Ireland’s GDP is unusually volatile, as is government revenue, which makes for frequent forecasting errors in both. For the last three years the errors have proven positive, in that tax receipts have emerged ahead of Budget projections, resulting in lower than anticipated fiscal deficits as well as allowing the government of the day to augment spending in the latter months of the year. Unfortunately that serendipitous trend appears to be over, judging by the revenue figures available to end-April, and a tax undershoot for the year is looking more likely.
The 2017 Budget projected tax receipts of €50.6bn, and the Department of Finance still expects that to materialise, which requires a 5.8% increase on the 2016 outturn.
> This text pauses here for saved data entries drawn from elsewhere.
lemma nat_trans_lan_perp:
  assumes c: "c \<in> cHom T A B" and \<rho>: "presheaf (Bplus D T to tm B) \<rho>"
  shows "\<exists>\<eta>. nat_trans (Bminus D T to tm A)
           (lan (Bminus D T to tm B) (Bminus D T to tm A) (cminus T c) id (perp D T to tm B \<rho>))
           (perp D T to tm A (pull (cplus T c) id \<rho>)) \<eta>"
proof -
  let ?BM = "Bminus D T to tm B" and ?AM = "Bminus D T to tm A" and ?AP = "Bplus D T to tm A"
  let ?G = "perp D T to tm A (pull (cplus T c) id \<rho>)"
  interpret lan_data ?BM ?AM "cminus T c" id "perp D T to tm B \<rho>"
    using category_Bminus is_functor_cminus[OF c] presheaf_perp[OF \<rho>] by unfold_locales
  define \<theta> where "\<theta> = (\<lambda>y\<in>cOb ?BM. \<lambda>\<zeta>\<in>fst (perp D T to tm B \<rho>) y. \<lambda>x\<in>cOb ?AP. \<zeta> (cplus T c x))"
  have "nat_trans ?BM (perp D T to tm B \<rho>) (pull (cminus T c) id ?G) \<theta>"
    unfolding \<theta>_def
  proof (rule nat_trans_restrictI[OF _ _ category_Bminus presheaf_perp[OF \<rho>]])
    fix y \<zeta> assume y: "y \<in> cOb ?BM" and "\<zeta> \<in> fst (perp D T to tm B \<rho>) y"
    then show "(\<lambda>x\<in>cOb ?AP. \<zeta> (cplus T c x)) \<in> fst (pull (cminus T c) id ?G) y"
      using nat_trans_pull[OF category_Bplus is_functor_cplus[OF c], of \<rho> "DerL D T tm y" \<zeta>]
      by (simp add: perp_simps nat_trans_DerL_cminus[OF c y])
  next
    fix y1 y2 g \<zeta> assume "g \<in> cHom ?BM y1 y2"
    show "(\<lambda>x\<in>cOb ?AP. snd (perp D T to tm B \<rho>) y1 y2 g \<zeta> (cplus T c x)) =
        snd (pull (cminus T c) id ?G) y1 y2 g (\<lambda>x\<in>cOb ?AP. \<zeta> (cplus T c x))"
      using functor_ob[OF is_functor_cplus[OF c]] by (auto simp: perp_simps intro!: restrict_ext)
  qed
  then show ?thesis
    using nat_trans_lan_transpose[OF presheaf_perp[OF presheaf_pull[OF is_functor_cplus[OF c] \<rho>]]]
    by blast
qed

lemma nat_trans_lan_lperp:
  assumes c: "c \<in> cHom T A B" and \<sigma>: "presheaf (Bminus D T to tm A) \<sigma>"
  shows "\<exists>\<eta>. nat_trans (Bplus D T to tm B)
           (lan (Bplus D T to tm A) (Bplus D T to tm B) (cplus T c) id (lperp D T to tm A \<sigma>))
           (lperp D T to tm B (pull (cminus T c) id \<sigma>)) \<eta>"
proof -
  let ?AP = "Bplus D T to tm A" and ?BP = "Bplus D T to tm B" and ?BM = "Bminus D T to tm B"
  let ?G = "lperp D T to tm B (pull (cminus T c) id \<sigma>)"
  interpret lan_data ?AP ?BP "cplus T c" id "lperp D T to tm A \<sigma>"
    using category_Bplus is_functor_cplus[OF c] presheaf_lperp[OF \<sigma>] by unfold_locales
  define \<theta> where "\<theta> = (\<lambda>x\<in>cOb ?AP. \<lambda>\<zeta>\<in>fst (lperp D T to tm A \<sigma>) x. \<lambda>y\<in>cOb ?BM. \<zeta> (cminus T c y))"
  have "nat_trans ?AP (lperp D T to tm A \<sigma>) (pull (cplus T c) id ?G) \<theta>"
    unfolding \<theta>_def
  proof (rule nat_trans_restrictI[OF _ _ category_Bplus presheaf_lperp[OF \<sigma>]])
    fix x \<zeta> assume x: "x \<in> cOb ?AP" and "\<zeta> \<in> fst (lperp D T to tm A \<sigma>) x"
    then show "(\<lambda>y\<in>cOb ?BM. \<zeta> (cminus T c y)) \<in> fst (pull (cplus T c) id ?G) x"
      using nat_trans_pull[OF category_Bminus is_functor_cminus[OF c], of \<sigma> "DerR D T tm x" \<zeta>]
      by (simp add: lperp_simps nat_trans_DerR_cplus[OF c x])
  next
    fix x1 x2 k \<zeta> assume "k \<in> cHom ?AP x1 x2"
    show "(\<lambda>y\<in>cOb ?BM. snd (lperp D T to tm A \<sigma>) x1 x2 k \<zeta> (cminus T c y)) =
        snd (pull (cplus T c) id ?G) x1 x2 k (\<lambda>y\<in>cOb ?BM. \<zeta> (cminus T c y))"
      using functor_ob[OF is_functor_cminus[OF c]] by (auto simp: lperp_simps intro!: restrict_ext)
  qed
  then show ?thesis
    using nat_trans_lan_transpose[OF presheaf_lperp[OF presheaf_pull[OF is_functor_cminus[OF c] \<sigma>]]]
    by blast
qed

end

theorem corollary4p12:
  fixes D :: "('p,'d) cat" and T :: "('a,'c) cat"
    and to :: "'p \<Rightarrow> 'a" and tm :: "'d \<Rightarrow> 'c"
    and A B :: 'a and c :: 'c
    and \<psi> :: "('c \<times> 'p, 'd, 'v) psh"
    and \<rho> :: "('p \<times> 'c, 'd, 'w) psh"
    and \<sigma> :: "('c \<times> 'p, 'd, 'u) psh"
  assumes "refinement_system D T to tm"
    and "c \<in> cHom T A B"
    and "presheaf (Bminus D T to tm B) \<psi>"
    and "presheaf (Bplus D T to tm B) \<rho>"
    and "presheaf (Bminus D T to tm A) \<sigma>"
  shows "psh_iso (Bplus D T to tm A)
           (pull (cplus T c) id (lperp D T to tm B \<psi>))
           (lperp D T to tm A (lan (Bminus D T to tm B) (Bminus D T to tm A) (cminus T c) id \<psi>))
    \<and> (\<exists>\<eta>. nat_trans (Bminus D T to tm A)
           (lan (Bminus D T to tm B) (Bminus D T to tm A) (cminus T c) id (perp D T to tm B \<rho>))
           (perp D T to tm A (pull (cplus T c) id \<rho>)) \<eta>)
    \<and> (\<exists>\<eta>. nat_trans (Bplus D T to tm B)
           (lan (Bplus D T to tm A) (Bplus D T to tm B) (cplus T c) id (lperp D T to tm A \<sigma>))
           (lperp D T to tm B (pull (cminus T c) id \<sigma>)) \<eta>)"
proof -
  interpret refinement_setting D T to tm
    by unfold_locales (rule assms(1))
  show ?thesis
    using psh_iso_lperp_lan[OF assms(2,3)] nat_trans_lan_perp[OF assms(2,4)]
      nat_trans_lan_lperp[OF assms(2,5)] by blast
qed

end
Yet the annual increase over the first four months of the year is just 0.5%, with most headings actually down on last year, implying a serious risk of undershooting. Corporation tax has been the most difficult to forecast (exceeding the target by over €700m last year and by an extraordinary €2.3bn or 50% in 2015 ) and is currently some 23% down on 2016, with Stamp duty, Excise and Capital taxes also running well below the previous year in percentage terms.
The main exception is VAT, which is extremely strong, rising at an annual 14.5% or double the pace forecast in the Budget. This is curious given that retail sales grew by an annual 0.9% in the first quarter, but may reflect strong car imports and a rise in house completions. Income tax is also a puzzle, showing annual growth of just 1.2%, which appears at odds with other data implying a continuation of strong employment growth. The Budget forecast that Income tax receipts would end the year 5.6% above the 2016 outturn so , again, there is a lot of catching up to do if that target is to be hit.
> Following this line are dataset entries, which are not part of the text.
lemma is_state_iff_monoid_state: "is_state G \<alpha> \<mu> \<longleftrightarrow> monoid_state (type_monoid G \<alpha>) \<mu>"
  by (simp add: is_state_def monoid_state_def type_monoid_def)

theorem lemmal:
  fixes G :: "('g, 'b) monoid_scheme" and \<alpha> :: "'g \<Rightarrow> 'x::t2_space \<Rightarrow> 'x"
  assumes "continuous_action G \<alpha>"
    and "countable (carrier G)"
    and "compact (UNIV :: 'x set)"
    and "zero_dimensional TYPE('x)"
  shows "almost_unperforated G \<alpha> \<longleftrightarrow>
    (\<forall>a\<in>Tsg G \<alpha>. \<forall>b\<in>Tsg G \<alpha>.
       ((\<exists>k::nat. tle G \<alpha> a (tmult G \<alpha> k b)) \<and>
        (\<forall>\<mu>. is_state G \<alpha> \<mu> \<and> \<mu> b = 1 \<longrightarrow> \<mu> a < 1))
       \<longrightarrow> tle G \<alpha> a b)"
proof -
  interpret type_semigroup G \<alpha>
    by unfold_locales (fact assms(1))
  have "carrier (type_monoid G \<alpha>) = Tsg G \<alpha>"
    by (simp add: type_monoid_def)
  then show ?thesis
    using comm_monoid.almost_unperforated_iff_state_comparison[OF comm_monoid_type_monoid]
    unfolding almost_unperforated_def tmult_eq_nat_pow tle_iff_divides is_state_iff_monoid_state
    by simp
qed

end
The tax position against profile ( i.e. that expected on a monthly basis) is also likely to be of concern to the Government, with a shortfall of €345m or 2.4%. VAT is running €257mn ahead but that has been more than offset by large shortfalls elsewhere, including €225mn in Corporation tax, €200mn in Income tax and €120mn in Excise duty. The late Easter may be having an impact and Corporation tax is extremely lumpy on a monthy basis but the risk now is that the fiscal deficit will emerge above the current target of 0.4% of GDP. Moreover the 2016 outturn has now been revised down to just 0.5% so the 2017 figure may well be above this. A 2.4% shortfall in tax receipts at the end of the year, for example, equates to €1.2bn and all else equal would raise the deficit to 0.8% of GDP.
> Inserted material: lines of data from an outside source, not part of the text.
(* A language $L$ is regular if and only if there exists a constant-space verifier $V$ that never flips private coins, flips at most a constant number $r$ of public coins on every input (worst case, $r$ independent of the input), has no bound on its running time, and verifies $L$ with some error $\varepsilon<1/2$. In the class notation below: $\mathrm{IP}^{\mathrm{high}}(\mathrm{constant\ space},\ O(1)\ \mathrm{public\ random\ bits},\ \infty\ \mathrm{time})=\mathrm{REG}$.
   Context: Interactive proof systems. A verifier is a probabilistic Turing machine with a read-only input tape containing $\rhd w\lhd$ ($\rhd,\lhd$ end-markers; head starts on $\rhd$), a read-write work tape (initially blank), and a read-write communication cell shared with a prover (initially blank). Its finite state set has (not necessarily disjoint) subsets of private-coin-flipping states, public-coin-flipping states, and communication states (every public-coin state is a communication state), plus accept and reject states. In each step the verifier reads the input symbol, work-tape symbol and communication-cell symbol; if the state flips a private coin it obtains a fair random bit hidden from the prover; if it flips a public coin it obtains a fair random bit that is also revealed to the prover; the transition function then determines the new state, the symbol written on the work tape, the symbol written to the communication cell (if in a communication state), and moves of the input and work heads (left, right, stay). Each time the verifier writes to the communication cell, the prover overwrites it with a symbol that is an arbitrary (not necessarily computable) function of $w$, the history of public coin outcomes, and the communication symbols written so far; the prover does not see private coins, heads, work tape or state. The verifier halts on entering accept/reject; moving the input head beyond an end-marker (unless entering accept) or the work head off the left end means rejection; it may also run forever. $V$ verifies $L$ with error $\varepsilon=\max(\varepsilon^+,\varepsilon^-)$ where $\varepsilon^+,\varepsilon^-<1/2$ if (i) some prover makes $V$ halt and accept every $w\in L$ with probability at least $1-\varepsilon^+$, and (ii) for every prover and every $w\notin L$, $V$ halts and rejects with probability at least $1-\varepsilon^-$. A constant-space verifier uses $O(1)$ work-tape cells. $\mathrm{IP}^{\mathrm{high}}(\ldots)$ denotes the class of languages verifiable with some error $\varepsilon<1/2$ by verifiers obeying the listed resource bounds (given as worst-case functions of the input length $n$; a resource type not listed, here private coins, is unavailable; $\infty$ means unbounded). $\mathrm{REG}$ is the class of regular languages. *)

theory Defs
  imports Complex_Main
begin

definition regular :: "'a list set \<Rightarrow> bool" where
  "regular L \<longleftrightarrow> (\<exists>(Q::nat set) q0 F (d :: nat \<Rightarrow> 'a \<Rightarrow> nat).
      finite Q \<and> q0 \<in> Q \<and> (\<forall>q\<in>Q. \<forall>a. d q a \<in> Q) \<and> L = {w. foldl d q0 w \<in> F})"

datatype move = MLeft | MStay | MRight

fun mv :: "move \<Rightarrow> int" where
  "mv MLeft = -1" | "mv MStay = 0" | "mv MRight = 1"

datatype status = Running | Accepting | Rejecting

datatype 'a tsym = LEnd | REnd | Sym 'a

text \<open>States, work-tape symbols and communication symbols are encoded as naturals;
  the finite state set and finite alphabets are explicit components. The blank
  symbol of the work tape and of the communication cell is None.
  The transition function gets: current state, input symbol, work symbol,
  communication-cell symbol, and the coin outcome (only meaningful in
  public-coin states; it is False otherwise). It returns: new state,
  symbol written on the work tape, symbol written to the communication cell
  (used only in communication states), input head move, work head move.\<close>
record 'a verifier =
  vstates :: "nat set"
  vinit :: nat
  vpub :: "nat set"
  vcomm :: "nat set"
  vacc :: "nat set"
  vrej :: "nat set"
  vwork :: "nat set"
  vcalph :: "nat set"
  vdelta :: "nat \<Rightarrow> 'a tsym \<Rightarrow> nat option \<Rightarrow> nat option \<Rightarrow> bool
               \<Rightarrow> nat \<times> nat option \<times> nat option \<times> move \<times> move"

definition wf_verifier :: "'a verifier \<Rightarrow> bool" where
  "wf_verifier V \<longleftrightarrow>
     finite (vstates V) \<and> finite (vwork V) \<and> finite (vcalph V) \<and>
     vinit V \<in> vstates V \<and> vpub V \<subseteq> vcomm V \<and> vcomm V \<subseteq> vstates V \<and>
     vacc V \<subseteq> vstates V \<and> vrej V \<subseteq> vstates V \<and> vacc V \<inter> vrej V = {} \<and>
     (\<forall>q\<in>vstates V. \<forall>a g x b.
        g \<in> insert None (Some ` vwork V) \<longrightarrow> x \<in> insert None (Some ` vcalph V) \<longrightarrow>
        (case vdelta V q a g x b of (q', g', x', _, _) \<Rightarrow>
           q' \<in> vstates V \<and> g' \<in> insert None (Some ` vwork V) \<and>
           x' \<in> insert None (Some ` vcalph V)))"

text \<open>A prover: a function of the input, the public coin history and the
  sequence of communication symbols written by the verifier so far,
  answering with a symbol of the communication alphabet (or blank).\<close>
type_synonym 'a prover = "'a list \<Rightarrow> bool list \<Rightarrow> nat option list \<Rightarrow> nat option"

definition valid_prover :: "'a verifier \<Rightarrow> 'a prover \<Rightarrow> bool" where
  "valid_prover V P \<longleftrightarrow> (\<forall>w cs xs. P w cs xs \<in> insert None (Some ` vcalph V))"

record config =
  cstat :: status
  cstate :: nat
  cinpos :: int
  ctape :: "nat \<Rightarrow> nat option"
  cwpos :: nat
  ccell :: "nat option"
  ccoins :: "bool list"
  ccomms :: "nat option list"

definition insym :: "'a list \<Rightarrow> int \<Rightarrow> 'a tsym" where
  "insym w i = (if i \<le> 0 then LEnd else if i \<ge> int (length w) + 1 then REnd
                else Sym (w ! nat (i - 1)))"

definition init_config :: "'a verifier \<Rightarrow> config" where
  "init_config V = \<lparr>cstat = (if vinit V \<in> vacc V then Accepting
                             else if vinit V \<in> vrej V then Rejecting else Running),
     cstate = vinit V, cinpos = 0, ctape = (\<lambda>_. None), cwpos = 0, ccell = None,
     ccoins = [], ccomms = []\<rparr>"

text \<open>One step; the coin stream cs supplies the public coin outcomes in order
  (the k-th public coin flipped is cs k).\<close>
definition step :: "'a verifier \<Rightarrow> 'a list \<Rightarrow> 'a prover \<Rightarrow> (nat \<Rightarrow> bool) \<Rightarrow> config \<Rightarrow> config" where
  "step V w P cs c =
    (if cstat c \<noteq> Running then c else
     (let q = cstate c; pub = (q \<in> vpub V); b = cs (length (ccoins c)) in
      case vdelta V q (insym w (cinpos c)) (ctape c (cwpos c)) (ccell c) (pub \<and> b) of
        (q', g', x', dI, dW) \<Rightarrow>
          (let coins' = (if pub then ccoins c @ [b] else ccoins c);
               comms' = (if q \<in> vcomm V then ccomms c @ [x'] else ccomms c);
               cell' = (if q \<in> vcomm V then P w coins' comms' else ccell c);
               ip' = cinpos c + mv dI;
               wp' = int (cwpos c) + mv dW;
               st' = (if wp' < 0 then Rejecting
                      else if q' \<in> vacc V then Accepting
                      else if ip' < 0 \<or> ip' > int (length w) + 1 then Rejecting
                      else if q' \<in> vrej V then Rejecting else Running)
           in c\<lparr>cstat := st', cstate := q', cinpos := ip',
                 ctape := (ctape c)(cwpos c := g'), cwpos := nat wp', ccell := cell',
                 ccoins := coins', ccomms := comms'\<rparr>)))"

definition run :: "'a verifier \<Rightarrow> 'a list \<Rightarrow> 'a prover \<Rightarrow> (nat \<Rightarrow> bool) \<Rightarrow> nat \<Rightarrow> config" where
  "run V w P cs n = (step V w P cs ^^ n) (init_config V)"

definition const_space :: "'a verifier \<Rightarrow> bool" where
  "const_space V \<longleftrightarrow> (\<exists>c::nat. \<forall>w P cs n. valid_prover V P \<longrightarrow> cwpos (run V w P cs n) < c)"

definition coin_bounded :: "'a verifier \<Rightarrow> nat \<Rightarrow> bool" where
  "coin_bounded V r \<longleftrightarrow> (\<forall>w P cs n. valid_prover V P \<longrightarrow> length (ccoins (run V w P cs n)) \<le> r)"

definition stream_of :: "bool list \<Rightarrow> nat \<Rightarrow> bool" where
  "stream_of bs i = (if i < length bs then bs ! i else False)"

text \<open>For a verifier flipping at most r fair coins, the probability of an event
  is the fraction of the 2^r equally likely outcome strings of length r.\<close>
definition acc_prob :: "'a verifier \<Rightarrow> nat \<Rightarrow> 'a list \<Rightarrow> 'a prover \<Rightarrow> real" where
  "acc_prob V r w P = real (card {bs. length bs = r \<and>
      (\<exists>n. cstat (run V w P (stream_of bs) n) = Accepting)}) / 2 ^ r"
Does it matter? The Exchequer’s cash position will likely be boosted by proceeds from the sale of shares in AIB , so the debt ratio may well continue to fall. That transaction will not benefit the General Government balance, however, although Ireland has no longer to meet a headline target for the latter under EU fiscal rules. In fact there are two, related constraints, which will come into play for 2018. One is that the deficit adjusted for the economic cycle (the structural balance) has to fall by over 0.5% of GDP, and to aid in that process a limit is put on government spending ( the famous Fiscal Space). The latter is already closing given an array of spending commitments carried over into 2018 but the Government would not be able to use all the available space anyway if the tax base emerged below forecast in 2017.